▶ What the task requires: Your task is to filter the entries and copy every line containing the string "vvar".

##############################

(* For every $m\ge1$, the ideal $I^{(k,r)}_m\subset V$ is stable under $\mathcal H_n^{(k,r)}$, i.e. it is a subrepresentation of $V$. (One has $I^{(k,r)}_1=I^{(k,r)}\subset I^{(k,r)}_2\subset\cdots\subset I^{(k,r)}_{m_0+1}=V$ with $m_0=[\frac n{k+1}]$.)
   Context: Let $\tilde{\mathbb K}=\mathbb C(t^{1/2},q)$. The double affine Hecke algebra $\mathcal H_n$ of type $GL_n$ is the $\tilde{\mathbb K}$-algebra generated by $X_i^{\pm1},Y_i^{\pm1}$ ($1\le i\le n$), $T_j$ ($1\le j\le n-1$) with relations: $X$'s commute, $Y$'s commute; $(T_i-t^{1/2})(T_i+t^{-1/2})=0$; braid relations for the $T_i$; $T_iX_iT_i=X_{i+1}$; $T_iX_j=X_jT_i$ ($j\ne i,i+1$); $T_i^{-1}Y_iT_i^{-1}=Y_{i+1}$; $T_iY_j=Y_jT_i$ ($j\ne i,i+1$); $Y_2^{-1}X_1Y_2X_1^{-1}=T_1^2$; $Y_i\tilde X=q\tilde XY_i$ ($\tilde X=\prod X_i$); $X_i\tilde Y=q^{-1}\tilde YX_i$ ($\tilde Y=\prod Y_i$). It acts on $U=\tilde{\mathbb K}[x_1^{\pm1},\dots,x_n^{\pm1}]$ by $X_i\mapsto x_i$, $T_i\mapsto t^{1/2}s_i+\frac{t^{1/2}-t^{-1/2}}{x_i/x_{i+1}-1}(s_i-1)$, $Y_i\mapsto T_i\cdots T_{n-1}\omega T_1^{-1}\cdots T_{i-1}^{-1}$, with $s_i$ swapping $x_i,x_{i+1}$ and $(\omega f)(x)=f(qx_n,x_1,\dots,x_{n-1})$. Fix $1\le k\le n-1$, $r\ge2$, $g=\gcd(k+1,r-1)$, $\tau=e^{2\pi\sqrt{-1}/(r-1)}$, specialization $(\ast)$: $t=u^{(r-1)/g}$, $q=\tau u^{-(k+1)/g}$. $\mathbb K$, $\mathcal H_n^{(k,r)}$, $V=\mathbb K[x_1^{\pm1},\dots,x_n^{\pm1}]$ are the images under $(\ast)$ of the elements of $\tilde{\mathbb K}$, $\mathcal H_n$, $U$ regular at $(\ast)$. $Z^{(k,r)}_m$ is the set of $z\in\mathbb K^n$ for which there exist pairwise distinct indices $i_{l,a}$ ($1\le l\le m$, $1\le a\le k+1$) and $s_{l,a}\in\mathbb Z_{\ge0}$ ($1\le a\le k$) with $z_{i_{l,a+1}}=z_{i_{l,a}}tq^{s_{l,a}}$, $\sum_{a=1}^ks_{l,a}\le r-2$ for each $l$, and $i_{l,a}<i_{l,a+1}$ whenever $s_{l,a}=0$; $I^{(k,r)}_m=\{f\in V:f(z)=0\ \forall z\in Z^{(k,r)}_m\}$, and $I^{(k,r)}=I^{(k,r)}_1$. *)

theory Defs
  imports Complex_Main "HOL-Library.Poly_Mapping"
    "HOL-Computational_Algebra.Polynomial" "HOL-Computational_Algebra.Fraction_Field"
begin

text \<open>K is the image of C(t^(1/2),q) under the specialization
  t = u^((r-1)/g), q = tau u^(-(k+1)/g).  Writing w = u^(1/(2g)) this image is
  C(w^(r-1), w^(2(k+1))) = C(v) with v = w^d, d = gcd(r-1, 2(k+1)); we model K
  as the rational function field C(v) = complex poly fract, in which
  t^(1/2) = v^((r-1)/d) and q = tau v^(-2(k+1)/d).\<close>

type_synonym kf = "complex poly fract"

definition vvar :: kf where "vvar = Fract [:0, 1:] 1"

definition kconst :: "complex \<Rightarrow> kf" where "kconst c = Fract [:c:] 1"

definition dd :: "nat \<Rightarrow> nat \<Rightarrow> nat" where
  "dd k r = gcd (r - 1) (2 * (k + 1))"

definition gg :: "nat \<Rightarrow> nat \<Rightarrow> nat" where
  "gg k r = gcd (k + 1) (r - 1)"

definition tau :: "nat \<Rightarrow> complex" where
  "tau r = exp (2 * pi * \<i> / of_nat (r - 1))"

definition sqt :: "nat \<Rightarrow> nat \<Rightarrow> kf" where
  "sqt k r = vvar ^ ((r - 1) div dd k r)"

definition tt :: "nat \<Rightarrow> nat \<Rightarrow> kf" where
  "tt k r = (sqt k r)^2"

definition qq :: "nat \<Rightarrow> nat \<Rightarrow> kf" where
  "qq k r = kconst (tau r) * inverse (vvar ^ ((2 * (k + 1)) div dd k r))"

type_synonym lpoly = "(nat \<Rightarrow>\<^sub>0 int) \<Rightarrow>\<^sub>0 kf"

definition lconst :: "kf \<Rightarrow> lpoly" where
  "lconst c = Poly_Mapping.single 0 c"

##############################

▶ Response area:
definition vvar :: kf where "vvar = Fract [:0, 1:] 1"
  "sqt k r = vvar ^ ((r - 1) div dd k r)"
  "qq k r = kconst (tau r) * inverse (vvar ^ ((2 * (k + 1)) div dd k r))"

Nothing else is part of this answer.